### Exercise brief
Below is a listing. Set down exactly the lines from the one containing "(\<forall>t\<in>T. \<forall>w\<in>D t." through the one containing "text \<open>Nodes: Na..Nz", both ends included, and leave out the rest.

Input data Start Marker

(* For every integer $q'\ge2$, the network $\mathcal{N}_2$ (with parameter $q'$) has a $3$-dimensional VLNC solution over every finite field.
   Context: Vector linear network coding: each source $v$ generates $x_v\in F^d$; an edge out of a source $v$ carries $Ax_v$ for a $d\times d$ matrix $A$ over $F$; an edge out of an intermediate node carries $\sum A_{e',e}y_{e'}$ over the edges $e'$ entering that node; a terminal computes vectors $\sum B_ey_e$ over its incoming edges; a $d$-dimensional VLNC solution over $F$ is such a code with which every terminal computes each demanded message for all message choices. The Char-$q$-$s$ network (integer $q\ge2$): sources $s,x_1,\dots,x_{q+2}$; intermediate nodes $m_1,\dots,m_{q+3},n_1,\dots,n_{q+3}$; terminals $r_1,\dots,r_{q+3}$; edges: $(x_1,m_i)$ for $1\le i\le q+1$; $(s,m_1)$ and $(s,m_i)$ for $4\le i\le q+3$; $(x_i,m_j)$ for $2\le i,j\le q+2$, $i\ne j$; $(x_i,m_{q+3})$ for $1\le i\le q+2$; $e_i=(m_i,n_i)$ for $1\le i\le q+3$; $(n_i,r_i)$ for $1\le i\le q+2$; $(n_{q+3},r_i)$ and $(n_i,r_{q+3})$ for $1\le i\le q+2$; $(x_i,r_1)$ for $2\le i\le q+1$; $(x_1,r_{q+2})$; $(s,r_2)$; $(s,r_3)$. Demands: $r_1$ demands $x_{q+2}$; $r_i$ demands $x_i$ for $2\le i\le q+2$; $r_{q+3}$ demands $x_1$; no terminal demands $s$. The generalized M-network $\mathcal{M}_3$: sources in three groups $G_1=(\bar a,\bar b,\bar c)$, $G_2=(\bar r,\bar s,\bar w)$, $G_3=(\bar x,\bar y,\bar z)$; intermediate nodes $\bar u_1,\bar u_2,\bar u_3,\bar v_1,\dots,\bar v_5$; edges from each source of $G_i$ to $\bar u_i$, edges $(\bar u_i,\bar v_i),(\bar u_i,\bar v_4),(\bar u_i,\bar v_5)$ for $i=1,2,3$, and $(\bar v_i,\bar t_j)$ for $1\le i\le5$, $1\le j\le27$; terminals $\bar t_1,\dots,\bar t_{27}$, where $\bar t_j$ demands the $j$-th triple in the lexicographic order of $G_1\times G_2\times G_3$ (e.g. $\bar t_1$: $\bar a,\bar r,\bar x$; $\bar t_2$: $\bar a,\bar r,\bar y$; $\bar t_4$: $\bar a,\bar s,\bar x$; $\bar t_{25}$: $\bar c,\bar w,\bar x$; $\bar t_{27}$: $\bar c,\bar w,\bar z$). The network $\mathcal{N}_2$ (integer $q'\ge2$) is obtained from the disjoint union of $\mathcal{M}_3$ and a copy of the Char-$q'$-$s$ network (nodes renamed $\bar m_i,\bar n_i$, terminals $\rho_i$, edges $\bar e_i=(\bar m_i,\bar n_i)$, sources $x_i$ renamed $\bar x_i$ for $2\le i\le q'+2$) by identifying $x_1$ with $\bar a$ and $s$ with $\bar x$ (so $\rho_{q'+3}$ demands $\bar a$), and adding the edges: $(\bar w,\bar t_j)$ for $j\in\{7,8,9,16,17,18\}$; $(\bar c,\bar t_j)$ for $19\le j\le24$; $(\bar a,\bar t_{25})$; $(\bar y,\bar t_{26})$; $(\bar n_1,\bar t_{25})$. All other demands are unchanged. *)

theory Defs
  imports "HOL-Analysis.Analysis" "HOL-Library.Numeral_Type"
begin

text \<open>Messages are vectors
in F^d, represented as 'a^'d with CARD('d) = d; coding coefficients are d x d
matrices 'a^'d^'d.\<close>

definition in_edges :: "('v \<times> 'v) set \<Rightarrow> 'v \<Rightarrow> ('v \<times> 'v) set" where
  "in_edges E v = {e \<in> E. snd e = v}"

text \<open>As: matrix A_e on an edge e out of a source; Ai e' e: coefficient matrix
A_{e',e} for an edge e out of an intermediate node and an incoming edge e' of that node;
B t w e: the decoding matrix B_e used by terminal t to compute the demanded message w.
The edge symbols y are any values consistent with the local coding equations
(for an acyclic network they are uniquely determined by the messages x).\<close>

definition vlnc_solution ::
  "('v \<times> 'v) set \<Rightarrow> 'v set \<Rightarrow> 'v set \<Rightarrow> ('v \<Rightarrow> 'v set) \<Rightarrow>
   ('v \<times> 'v \<Rightarrow> 'a::field^'d^'d) \<Rightarrow> ('v \<times> 'v \<Rightarrow> 'v \<times> 'v \<Rightarrow> 'a^'d^'d) \<Rightarrow>
   ('v \<Rightarrow> 'v \<Rightarrow> 'v \<times> 'v \<Rightarrow> 'a^'d^'d) \<Rightarrow> bool" where
  "vlnc_solution E S T D As Ai B \<longleftrightarrow>
    (\<forall>(x :: 'v \<Rightarrow> 'a^'d) (y :: 'v \<times> 'v \<Rightarrow> 'a^'d).
      ((\<forall>e\<in>E. fst e \<in> S \<longrightarrow> y e = As e *v x (fst e)) \<and>
       (\<forall>e\<in>E. fst e \<notin> S \<longrightarrow> y e = (\<Sum>e'\<in>in_edges E (fst e). Ai e' e *v y e')))
      \<longrightarrow> (\<forall>t\<in>T. \<forall>w\<in>D t. (\<Sum>e\<in>in_edges E t. B t w e *v y e) = x w))"

definition has_vlnc_solution ::
  "('v \<times> 'v) set \<Rightarrow> 'v set \<Rightarrow> 'v set \<Rightarrow> ('v \<Rightarrow> 'v set) \<Rightarrow>
   'a::field itself \<Rightarrow> 'd::finite itself \<Rightarrow> bool" where
  "has_vlnc_solution E S T D _ _ \<longleftrightarrow>
    (\<exists>(As :: 'v \<times> 'v \<Rightarrow> 'a^'d^'d) Ai B. vlnc_solution E S T D As Ai B)"

text \<open>Nodes: Na..Nz are the sources a,b,c,r,s,w,x,y,z of M_3 (a = x_1 and
x = s of the Char copy); Nu i, Nv i, Nt j are u_i, v_i, t_j of M_3;
Nxc i are the Char sources x_i (2 \<le> i \<le> q'+2); Nm i, Nn i, Nrho i are the
Char nodes m_i, n_i and terminals rho_i.\<close>

datatype node = Na | Nb | Nc | Nr | Ns | Nw | Nx | Ny | Nz
  | Nu nat | Nv nat | Nt nat | Nxc nat | Nm nat | Nn nat | Nrho nat

definition grp :: "nat \<Rightarrow> node list" where
  "grp i = (if i = 1 then [Na, Nb, Nc] else if i = 2 then [Nr, Ns, Nw] else [Nx, Ny, Nz])"

text \<open>Char source x_i after identification (x_1 = a).\<close>
definition chx :: "nat \<Rightarrow> node" where
  "chx i = (if i = 1 then Na else Nxc i)"

definition M3_edges :: "(node \<times> node) set" where
  "M3_edges =
     {(g, Nu i) | g i. i \<in> {1..3} \<and> g \<in> set (grp i)}
   \<union> {(Nu i, Nv i) | i. i \<in> {1..3}}
   \<union> {(Nu i, Nv 4) | i. i \<in> {1..3}}
   \<union> {(Nu i, Nv 5) | i. i \<in> {1..3}}
   \<union> {(Nv i, Nt j) | i j. i \<in> {1..5} \<and> j \<in> {1..27}}"

text \<open>The Char-q-s network with s := Nx and x_1 := Na.\<close>
definition Char_edges :: "nat \<Rightarrow> (node \<times> node) set" where
  "Char_edges q =
     {(chx 1, Nm i) | i. i \<in> {1..q+1}}
   \<union> {(Nx, Nm 1)} \<union> {(Nx, Nm i) | i. i \<in> {4..q+3}}
   \<union> {(chx i, Nm j) | i j. i \<in> {2..q+2} \<and> j \<in> {2..q+2} \<and> i \<noteq> j}
   \<union> {(chx i, Nm (q+3)) | i. i \<in> {1..q+2}}
   \<union> {(Nm i, Nn i) | i. i \<in> {1..q+3}}
   \<union> {(Nn i, Nrho i) | i. i \<in> {1..q+2}}
   \<union> {(Nn (q+3), Nrho i) | i. i \<in> {1..q+2}}
   \<union> {(Nn i, Nrho (q+3)) | i. i \<in> {1..q+2}}
   \<union> {(chx i, Nrho 1) | i. i \<in> {2..q+1}}
   \<union> {(chx 1, Nrho (q+2))}
   \<union> {(Nx, Nrho 2), (Nx, Nrho 3)}"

Input data End Marker

### Answer for the task
      \<longrightarrow> (\<forall>t\<in>T. \<forall>w\<in>D t. (\<Sum>e\<in>in_edges E t. B t w e *v y e) = x w))"

definition has_vlnc_solution ::
  "('v \<times> 'v) set \<Rightarrow> 'v set \<Rightarrow> 'v set \<Rightarrow> ('v \<Rightarrow> 'v set) \<Rightarrow>
   'a::field itself \<Rightarrow> 'd::finite itself \<Rightarrow> bool" where
  "has_vlnc_solution E S T D _ _ \<longleftrightarrow>
    (\<exists>(As :: 'v \<times> 'v \<Rightarrow> 'a^'d^'d) Ai B. vlnc_solution E S T D As Ai B)"

text \<open>Nodes: Na..Nz are the sources a,b,c,r,s,w,x,y,z of M_3 (a = x_1 and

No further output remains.